Queste riflessioni chiamano in causa direttamente il tema della classe dirigente, della sua composizione e dei canali della sua formazione e cultura. Scriveva Raffaele Mattioli che tutta la vicenda unitaria poteva essere vista come una serie di occasioni e di tentativi per dare vita finalmente ad una classe dirigente adeguata. Ebbene sembra che l’Italia non abbia risolto completamente questo problema o sicuramente meno di altri paesi. Sembra anche che alcuni canali di formazione operanti un tempo come i partiti e l’impresa pubblica siano oggi molto meno efficaci. Che cos’è dunque oggi la classe dirigente italiana? Come è composta e quali sono le principali criticità ad esse relative? C’è una frammentazione di segmenti diversi che faticano a trovare camere di compensazione e una lingua comune?

Non c’è una classe dirigente italiana, vi sono dirigenti importanti in varie strutture, corporazioni – strutture istituzionali, aziendali – ma non direi che ci sia una classe dirigente dotata di una visione comune. Se per classe dirigente intendiamo quella che Gaetano Mosca chiamava ‘classe politica’, indicando con questo termine in realtà una classe dirigente intesa in senso più ampio, l’Italia forse ne ha avuta una nel periodo risorgimentale e post-risorgimentale. Un’altra classe dirigente si è poi costruita certamente nel periodo più fortunato per il nostro Paese, negli anni della ricostruzione e della Prima Repubblica. Dai primi anni Novanta in poi viviamo, invece, in una situazione di incertezza sotto ogni profilo e quindi di incapacità di trovare un centro interno del potere, con la costante tentazione – tipicamente italiana – di cercare qualcuno fuori dall’Italia che ci indichi cosa fare.

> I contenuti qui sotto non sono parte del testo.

(* Assume that in the extended Kalman filter all matrices $P_{t|t-1}$ and $R_t$ are invertible. Then the extended Kalman filter is equivalent to the recursion $$s_{t|t-1}\leftarrow f(s_{t-1},u_t),\quad F_{t-1}\leftarrow\frac{\partial f}{\partial s}\Big|_{(s_{t-1},u_t)},\quad P_{t|t-1}\leftarrow F_{t-1}P_{t-1}F_{t-1}^\top+Q_t,\quad \hat y_t\leftarrow h(s_{t|t-1},u_t),$$ $$P_t^{-1}\leftarrow P_{t|t-1}^{-1}+\mathbb E_{y\sim p_{\mathrm{obs}}(\cdot\mid\hat y_t)}\Big[\Big(\frac{\partial\ln p_{\mathrm{obs}}(y\mid\hat y_t)}{\partial s_{t|t-1}}\Big)^{\otimes2}\Big],\qquad s_t\leftarrow s_{t|t-1}+P_t\Big(\frac{\partial\ln p_{\mathrm{obs}}(y_t\mid\hat y_t)}{\partial s_{t|t-1}}\Big)^\top,$$ where derivatives with respect to $s_{t|t-1}$ are derivatives of $s\mapsto\ln p_{\mathrm{obs}}(y\mid h(s,u_t))$ at $s=s_{t|t-1}$.
   Context: Conventions: Jacobian $\partial y/\partial x$ has $(i,j)$ entry $\partial f_i/\partial x_j$; gradients of real functions are row vectors; for a row vector $v$, $v^{\otimes2}=v^\top v$. Exponential family: $p_{\mathrm{obs}}(y\mid\hat y)$ denotes a family of densities $\frac{1}{Z(\beta)}\exp(\sum_k\beta_kT_k(y))\lambda(dy)$ (reference measure $\lambda$, linearly independent sufficient statistics $T$), parameterized by its mean parameter $\hat y=\mathbb{E}[T(y)]$. Dynamical system model: smooth $f,h$, inputs $u_t$, observations $y_t$, process noise covariances $Q_t$. Extended Kalman filter: maintains $s_t$ and covariance $P_t$, starting from $(s_0,P_0)$; for $t\ge1$: $s_{t|t-1}=f(s_{t-1},u_t)$, $F_{t-1}=\partial f/\partial s|_{(s_{t-1},u_t)}$, $P_{t|t-1}=F_{t-1}P_{t-1}F_{t-1}^\top+Q_t$, $\hat y_t=h(s_{t|t-1},u_t)$, $E_t=T(y_t)-\hat y_t$, $R_t=\mathrm{Cov}_{y\sim p_{\mathrm{obs}}(\cdot\mid\hat y_t)}(T(y))$, $H_t=\partial h/\partial s|_{(s_{t|t-1},u_t)}$, $K_t=P_{t|t-1}H_t^\top(H_tP_{t|t-1}H_t^\top+R_t)^{-1}$, $P_t=(\mathrm{Id}-K_tH_t)P_{t|t-1}$, $s_t=s_{t|t-1}+K_tE_t$. *)

theory Defs
  imports "HOL-Analysis.Analysis"
begin

definition ef_natparams :: "('y \<Rightarrow> real^'m) \<Rightarrow> 'y measure \<Rightarrow> (real^'m) set" where
  "ef_natparams T lam = {\<beta>. integrable lam (\<lambda>y. exp (\<beta> \<bullet> T y))}"

definition ef_Z :: "('y \<Rightarrow> real^'m) \<Rightarrow> 'y measure \<Rightarrow> real^'m \<Rightarrow> real" where
  "ef_Z T lam \<beta> = (\<integral>y. exp (\<beta> \<bullet> T y) \<partial>lam)"
lemma t_star_le:
  fixes A :: "real^'n^'n"
  assumes "invertible A" and "\<And>i. - t \<le> (matrix_inv A *v b) $ i"
  shows "t_star A b \<le> t"
  unfolding t_star_def
proof (rule cInf_lower)
  let ?xs = "matrix_inv A *v b"
  have sol: "A *v (x - s *\<^sub>R 1) = b \<longleftrightarrow> x = ?xs + s *\<^sub>R 1" for x and s :: real
    by (auto simp: invertible_matrix_vector_eq_iff[OF assms(1)] diff_eq_eq)
  have "0 \<le> (?xs + t *\<^sub>R 1) $ i" for i using assms(2)[of i] by simp
  thus "t \<in> {t. \<exists>x. (\<forall>i. 0 \<le> x $ i) \<and> A *v (x - t *\<^sub>R 1) = b}"
    by (auto simp: sol)
  show "bdd_below {t. \<exists>x. (\<forall>i. 0 \<le> x $ i) \<and> A *v (x - t *\<^sub>R 1) = b}"
  proof (rule bdd_belowI)
    fix s assume "s \<in> {t. \<exists>x. (\<forall>i. 0 \<le> x $ i) \<and> A *v (x - t *\<^sub>R 1) = b}"
    hence "0 \<le> (?xs + s *\<^sub>R 1) $ undefined" by (auto simp: sol)
    thus "- ?xs $ undefined \<le> s" by simp
  qed
qed

theorem theorem7:
  fixes A :: "real^'n^'n" and b :: "real^'n"
  assumes "invertible A"
  defines "xs \<equiv> matrix_inv A *v b"
      and "Q \<equiv> transpose A ** A"
      and "w \<equiv> transpose A *v b"
  defines "qmin \<equiv> Min ((\<lambda>j. norm (column j Q)) ` UNIV)"
      and "lmin \<equiv> min_eigenvalue Q"
  defines "tau \<equiv> (\<Prod>j\<in>UNIV. norm (column j Q)) * norm w / (qmin * lmin ^ CARD('n))"
      and "tau' \<equiv> (\<Prod>j\<in>UNIV. norm (column j Q)) * norm w / (qmin * det Q)"
  shows "(\<forall>i. xs $ i \<ge> - tau' \<and> - tau' \<ge> - tau) \<and> tau \<ge> tau' \<and> tau' \<ge> t_star A b"
proof -
  have detA: "det A \<noteq> 0" using assms(1) invertible_det_nz by blast
  have detQ: "det Q > 0" using detA by (metis Q_def det_mul det_transpose not_real_square_gt_zero)
  have "A *v xs = b" using invertible_matrix_vector_eq_iff[OF assms(1)] by (simp add: xs_def)
  hence "Q *v xs = w" unfolding Q_def w_def by (metis matrix_vector_mul_assoc)
  hence xs_bound: "- tau' \<le> xs $ i" for i
    using solution_component_lower_bound[OF detQ] by (simp add: tau'_def qmin_def)
  have "qmin > 0"
    using detQ det_zero_column(1)[of _ Q] by (auto simp: qmin_def)
  moreover have "0 < lmin" "lmin ^ CARD('n) \<le> det Q"
    using gram_matrix_min_eigenvalue[OF detA] by (auto simp: lmin_def Q_def)
  ultimately have "tau' \<le> tau"
    unfolding tau_def tau'_def
    using detQ by (intro divide_left_mono mult_left_mono mult_nonneg_nonneg prod_nonneg) auto
  moreover have "t_star A b \<le> tau'"
    using t_star_le[OF assms(1)] xs_bound by (simp add: xs_def)
  ultimately show ?thesis using xs_bound by simp
qed

end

Sempre parlando di classi dirigenti uno dei temi di lungo periodo è legato alla difficoltà di articolare il rapporto nazionale-internazionale, dovuto sia alla forza dei condizionamenti in fasi importanti della nostra storia sia anche ad atteggiamenti culturali molto radicati. Nella fase più recente è stata molto influente la teoria e la pratica del ‘vincolo esterno’. Può tratteggiarne brevemente la genesi, nonché il motivo del suo influsso e gli effetti?

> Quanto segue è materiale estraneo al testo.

lemma mat_vec_T_swap_difference:
  assumes t: "t \<in> T" and y: "swap y \<noteq> y"
  shows "mat_vec t (\<lambda>k. if k = y then 1 else if k = swap y then -1 else 0) = (\<lambda>i. t i y - t (swap i) y)"
proof -
  have "(\<lambda>k. if k = y then 1 else if k = swap y then -1 else 0)
      = (\<lambda>k. 1 * (if k = y then 1 else 0) + (-1) * (if k = swap y then 1 else (0::'a)))"
    using y by (auto simp: fun_eq_iff)
  then have "mat_vec t (\<lambda>k. if k = y then 1 else if k = swap y then -1 else 0)
      = (\<lambda>i. 1 * t i y + (-1) * t i (swap y))"
    by (simp only: mat_vec_linear mat_vec_unit)
  moreover have "t i (swap y) = t (swap i) y" for i
    using T_swap_invariant[OF t, of "swap i" y] by (simp only: swap_swap)
  ultimately show ?thesis by simp
qed

lemma mat_vec_transpose_sandwich:
  "mat_vec (mat_mult (dual_idem R x a) (mat_mult (mat_transpose t) (dual_idem R x c))) w
     = (\<lambda>i. if (x, i) \<in> R a then \<Sum>k\<in>{k. (x, k) \<in> R c}. t k i * w k else 0)"
proof
  fix i
  have "(\<Sum>k\<in>UNIV. t k i * (if (x, k) \<in> R c then w k else 0)) = (\<Sum>k\<in>{k. (x, k) \<in> R c}. t k i * w k)"
    by (simp add: sum.inter_filter[symmetric] if_distrib cong: if_cong)
  then show "mat_vec (mat_mult (dual_idem R x a) (mat_mult (mat_transpose t) (dual_idem R x c))) w i
      = (if (x, i) \<in> R a then \<Sum>k\<in>{k. (x, k) \<in> R c}. t k i * w k else 0)"
    unfolding mat_vec_mult mat_vec_dual_idem by (simp add: mat_vec_def mat_transpose_def)
qed
definition restrict_coords :: "nat set \<Rightarrow> 'a vec \<Rightarrow> 'a vec" where
  "restrict_coords I v = vec (card I) (\<lambda>j. v $ (sorted_list_of_set I ! j))"

lemma restrict_coords_eq_0D:
  assumes "finite I" "restrict_coords I v = 0\<^sub>v (card I)" "i \<in> I"
  shows "v $ i = 0"
proof -
  obtain j where "j < card I" "sorted_list_of_set I ! j = i"
    using ex_nth_sorted_list_of_set[OF assms(1,3)] by blast
  then show ?thesis
    using arg_cong[OF assms(2), of "\<lambda>w. w $ j"] unfolding restrict_coords_def by simp
qed

lemma restrict_coords_minus:
  fixes v w :: "'a::ab_group_add vec"
  assumes "finite I" "I \<subseteq> {..<n}" "v \<in> carrier_vec n" "w \<in> carrier_vec n"
  shows "restrict_coords I (v - w) = restrict_coords I v - restrict_coords I w"
proof -
  have "sorted_list_of_set I ! j < n" if "j < card I" for j
    using assms(2) nth_sorted_list_of_set_mem[OF assms(1) that] by blast
  then show ?thesis
    using assms(3,4) unfolding restrict_coords_def by (intro eq_vecI) auto
qed
(* Let $\alpha\in\mathbb{R}$. Then $\alpha$ is a weak-Bryuno number if and only if $\alpha$ is a Bryuno number.
   Context: Dimension $d=1$. For $x\in\mathbb{R}$, $\|x\|:=\min_{l\in\mathbb{Z}}|x-l|$. Bryuno: with $\Omega_\alpha(N):=\min_{\ell\in\mathbb{Z},\,0<|\ell|\le N}\|\alpha\ell\|$, $\alpha$ is a Bryuno number if $\sum_{k\ge1}2^{-k}\log\frac{1}{\Omega_\alpha(2^k)}<+\infty$ (this requires $\alpha$ irrational). Weak-Bryuno (with $\mathbb{S}^0=\{-1,1\}$): for $\ell\in\mathbb{Z}$, $\beta\in\{\pm1\}$, $\delta\in\mathbb{R}$, $\Phi(\ell,\beta,\delta):=e^{2\pi|\ell\beta|\delta}=e^{2\pi|\ell|\delta}$. Given $C>0$, $N\in\mathbb{N}$ and $c=\{c_n\}\in\ell^1(\mathbb{R}^+)$ let $g(c,n,\ell):=1$ if $2^n<|\ell|\le2^{n+1}$, $:=e^{-2^nc_n}$ if $0<|\ell|\le2^n$, $:=0$ otherwise. Fix $\mathfrak{d}>0$, set $\delta_{\beta,n}:=\mathfrak{d}$ for $n=1,\dots,N$, and for $n\ge N$ recursively $\tilde\delta_{\beta,n+1}:=\max\{\delta\le\delta_{\beta,n}:\frac{\Phi(\ell,\beta,\delta)}{\|\alpha\ell\|}g(c,n,\ell)\le\max_{\bar\beta\in\{\pm1\}}\Phi(\ell,\bar\beta,\delta_{\bar\beta,n})\ \forall\ell\in\mathbb{Z},\ 0<|\ell|\le2^{n+1}\}$ and $\delta_{\beta,n+1}:=\min_{\bar\beta\in\{\pm1\},|\beta-\bar\beta|<e^{-2^nc_n}}\tilde\delta_{\bar\beta,n+1}$. $\alpha$ is a weak-Bryuno number if for every $\mathfrak{d}>0$ there exist $C$, $c$, $N$ with $\inf_{\beta\in\{\pm1\}}\inf_{n\in\mathbb{N}}\delta_{\beta,n}>0$. *)

theory Defs
  imports Complex_Main
begin

definition dZ :: "real \<Rightarrow> real" where
  "dZ x = (INF l::int. \<bar>x - of_int l\<bar>)"

definition Omega :: "real \<Rightarrow> nat \<Rightarrow> real" where
  "Omega \<alpha> N = Min {dZ (\<alpha> * of_int l) | l::int. 0 < \<bar>l\<bar> \<and> \<bar>l\<bar> \<le> int N}"

text \<open>Since \<open>log(1/0) = +\<infinity>\<close>,
  finiteness requires all \<open>\<Omega>(2^k) > 0\<close>; the terms are then nonnegative, so finiteness
  of the sum is summability.\<close>
definition bryuno :: "real \<Rightarrow> bool" where
  "bryuno \<alpha> \<longleftrightarrow> (\<forall>k\<ge>1. Omega \<alpha> (2 ^ k) > 0) \<and>
     summable (\<lambda>k. (1/2) ^ (k+1) * ln (1 / Omega \<alpha> (2 ^ (k+1))))"

definition Phi :: "int \<Rightarrow> real \<Rightarrow> real \<Rightarrow> real" where
  "Phi l \<beta> \<delta> = exp (2 * pi * \<bar>of_int l * \<beta>\<bar> * \<delta>)"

 Il vincolo esterno inteso nel senso più ampio è nato, se vogliamo, con l’Italia. In questo caso abbiamo un’accezione positiva di vincolo esterno: Cavour seppe agire in maniera magistrale sul tavolo delle grandi potenze europee, in particolare giocò con la Francia, la Germania (Prussia) e l’Austria una partita a scacchi a più dimensioni, in cui riuscì in un’impresa che lui stesso forse non aveva immaginato e forse nemmeno voleva, ossia quella di costruire un’Italia unita dalle Alpi al Lilibeo. L’idea originaria di Cavour era quella di costruire un’Italia settentrionale che sarebbe arrivata più o meno alla Pianura Padana; invece siamo andati ben oltre. Il vincolo esterno in senso moderno è, invece, una limitazione della sovranità che è intrinseca all’Italia a partire dalla Seconda guerra mondiale ed è inscritta in termini negativi nel Trattato di pace del 1947, che è la vera costituzione geopolitica del Paese, che ne determina tuttora il rango. Il vincolo esterno diventa infine una vera e propria ideologia alla fine della Prima Repubblica, in particolare attraverso il pensiero e l’azione di alcune personalità, la più eminente delle quali era forse Guido Carli. Questi sosteneva apertamente che non essendo gli italiani capaci di governarsi, era necessario che qualcuno spiegasse loro come agire. E Carli, come alla fine buona parte della classe dirigente della Prima Repubblica – mi riferisco ad Andreotti, De Michelis, tutto l’asse democristiano e socialista – pensava che questo ‘maestro esterno’, questo riferimento, almeno per gli aspetti di politica economica potesse essere l’Unione Europea che si costituirà a Maastricht e quindi poi l’euro. Sul piano geopolitico-militare, invece, restava e resta ovviamente il vincolo americano, inevitabile dopo la sconfitta nel conflitto mondiale, sia nella forma istituzionalizzata della NATO, sia attraverso il rapporto diretto con gli Stati Uniti. L’idea di fondo è, appunto, che gli italiani siano un popolo incapace di reggersi da solo, che ha bisogno di essere, in qualche modo, guidato, orientato e non abbandonato ai propri spiriti animali, venendo indirizzato verse le mete corrette da spinte, pulsioni e intenzioni esterne.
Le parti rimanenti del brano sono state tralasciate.